К тому же, доказывал Гамильтон, то, что может служить законом для Англии, вовсе не обязательно служит законом для Америки; и, во всяком случае, то, что применимо лично к его величеству в Англии, вовсе не обязательно применимо к его рядовому слуге, да еще за тысячи миль вдали.

Затем Гамильтон обратился к следственной коллегии присяжных и призвал ее членов быть справедливыми и помнить, что коллегия присяжных — людей, отобранных из ближайшей округи, — для того и существует, что, как предполагается, они смогут правильно судить об истине особенно потому, что истина эта устанавливается в пределах того района, где совершено предполагаемое преступление. Суд настаивает на том, что коллегии присяжных нет дела до истинности или лживости обвинений и что это не имеет никакого отношения к судебному делу. Но разве преступление клеветы не зависит от понимания, разве для признания человека виновным в клевете не следует понять, что он действительно клеветник, и разве не на членах коллегии присяжных лежит заявить, понимают они или нет, что публикации обвиняемого содержат или не содержат клевету?

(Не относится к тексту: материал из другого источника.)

text \<open>Shifting by the value at the bottom element removes the sign condition of the
  Ahlswede--Daykin inequality.\<close>

theorem fkg_nat_box:
  fixes \<mu> F G :: "('v::finite \<Rightarrow> nat) \<Rightarrow> real"
  assumes "\<And>t. 0 \<le> \<mu> t"
    and "\<And>t s. t \<in> nat_box K \<Longrightarrow> s \<in> nat_box K \<Longrightarrow> \<mu> t * \<mu> s \<le> \<mu> (sup t s) * \<mu> (inf t s)"
    and "mono F" "mono G"
  shows "(\<Sum>t\<in>nat_box K. \<mu> t * F t) * (\<Sum>t\<in>nat_box K. \<mu> t * G t)
       \<le> (\<Sum>t\<in>nat_box K. \<mu> t * (F t * G t)) * (\<Sum>t\<in>nat_box K. \<mu> t)"
proof -
  define a b where "a = F (\<lambda>_. 0)" and "b = G (\<lambda>_. 0)"
  define S SF SG SFG where "S = (\<Sum>t\<in>nat_box K. \<mu> t)" and "SF = (\<Sum>t\<in>nat_box K. \<mu> t * F t)"
    and "SG = (\<Sum>t\<in>nat_box K. \<mu> t * G t)" and "SFG = (\<Sum>t\<in>nat_box K. \<mu> t * (F t * G t))"
  have bot: "(\<lambda>_. 0) \<le> t" for t :: "'v \<Rightarrow> nat" by (simp add: le_fun_def)
  have "(\<Sum>t\<in>nat_box K. \<mu> t * (F t - a)) * (\<Sum>t\<in>nat_box K. \<mu> t * (G t - b))
      \<le> (\<Sum>t\<in>nat_box K. \<mu> t * ((F t - a) * (G t - b))) * (\<Sum>t\<in>nat_box K. \<mu> t)"
    using assms bot by (intro weighted_ahlswede_daykin_nat_box)
      (auto simp: a_def b_def mono_def monoD)
  moreover have "(\<Sum>t\<in>nat_box K. \<mu> t * ((F t - a) * (G t - b))) = SFG - b * SF - a * SG + a * b * S"
    unfolding S_def SF_def SG_def SFG_def
    by (simp add: algebra_simps sum_subtractf sum.distrib sum_distrib_left)
  ultimately have "(SF - a * S) * (SG - b * S) \<le> (SFG - b * SF - a * SG + a * b * S) * S"
    by (simp add: sum_weighted_shift S_def SF_def SG_def)
  then show ?thesis unfolding S_def [symmetric] SF_def [symmetric] SG_def [symmetric] SFG_def [symmetric]
    by (simp add: algebra_simps)
qed

theorem holley_nat_box:
  fixes \<mu> \<nu> F :: "('v::finite \<Rightarrow> nat) \<Rightarrow> real"
  assumes "\<And>t. 0 \<le> \<mu> t" "\<And>t. 0 \<le> \<nu> t"
    and "\<And>s t. s \<in> nat_box K \<Longrightarrow> t \<in> nat_box K \<Longrightarrow> \<mu> s * \<nu> t \<le> \<mu> (sup s t) * \<nu> (inf s t)"
    and "mono F"
  shows "(\<Sum>t\<in>nat_box K. \<nu> t * F t) * (\<Sum>t\<in>nat_box K. \<mu> t)
       \<le> (\<Sum>t\<in>nat_box K. \<mu> t * F t) * (\<Sum>t\<in>nat_box K. \<nu> t)"
proof -
  define a where "a = F (\<lambda>_. 0)"
  have bot: "(\<lambda>_. 0) \<le> t" for t :: "'v \<Rightarrow> nat" by (simp add: le_fun_def)
  have "(\<Sum>t\<in>nat_box K. \<nu> t * (F t - a)) * (\<Sum>t\<in>nat_box K. \<mu> t * 1)
      \<le> (\<Sum>t\<in>nat_box K. \<mu> t * ((F t - a) * 1)) * (\<Sum>t\<in>nat_box K. \<nu> t)"
    using assms bot by (intro weighted_ahlswede_daykin_nat_box)
      (auto simp: a_def mono_def monoD)
  from this[unfolded mult_1_right sum_weighted_shift] show ?thesis by (simp add: algebra_simps)
qed

section \<open>Clusters and the Ising model\<close>

definition agrees_on :: "('a \<Rightarrow> 'w) \<Rightarrow> ('a \<Rightarrow> 'w) \<Rightarrow> 'a set \<Rightarrow> ('w \<Rightarrow> bool) \<Rightarrow> bool" where
  "agrees_on p q W \<sigma> \<longleftrightarrow> (\<forall>e\<in>W. \<sigma> (p e) = \<sigma> (q e))"

text \<open>Edges are abstract, with endpoint maps \<open>p\<close> and \<open>q\<close>; \<open>spin_count p q W\<close> is
  \<open>2 ^ (number of clusters of W)\<close>.\<close>

definition spin_count :: "('a \<Rightarrow> 'w::finite) \<Rightarrow> ('a \<Rightarrow> 'w) \<Rightarrow> 'a set \<Rightarrow> real" where
  "spin_count p q W = real (card {\<sigma>. agrees_on p q W \<sigma>})"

Суд повторил свое вето и заявил, что коллегия присяжных должна лишь решить, опубликовал или не опубликовал обвиняемый те материалы, о которых идет речь; но, заявил Гамильтон, это мы уже признали, и если бы вопрос действительно заключался лишь в этом, то вся судебная процедура явилась бы фарсом. Коллегия присяжных может ограничиться, если она пожелает, теми пределами, которые установлены «его честью». Но, утверждал Гамильтон, обращаясь к присяжным, она не обязана поступать таким образом; при желании она вправе рассматривать самую сущность дела, предмет жалобы, и на этой основе вынести вердикт о том, был или не был Джон Питер Зенгер повинен в том преступлении, в котором его обвиняют, — в бунтовщической клевете.

Утвердив это как исходный принцип своей защиты, несмотря на то что суд много раз прерывал его и выносил противоположные решения, Гамильтон перешел к своей аргументации. Нет лучшего способа изложить эту аргументацию — кроме, конечно, пространного цитирования, невозможного из-за ограниченности места, — чем предоставить слово самому Гамильтону в тех пунктах, где он развивает свои важнейшие тезисы:

«Высокопарные речи, произносимые в честь правителей, их достоинств и вообще в поддержку власти, — все это не сможет заткнуть рты людям, когда они чувствуют себя угнетенными, — я имею в виду, конечно, при свободной системе правления.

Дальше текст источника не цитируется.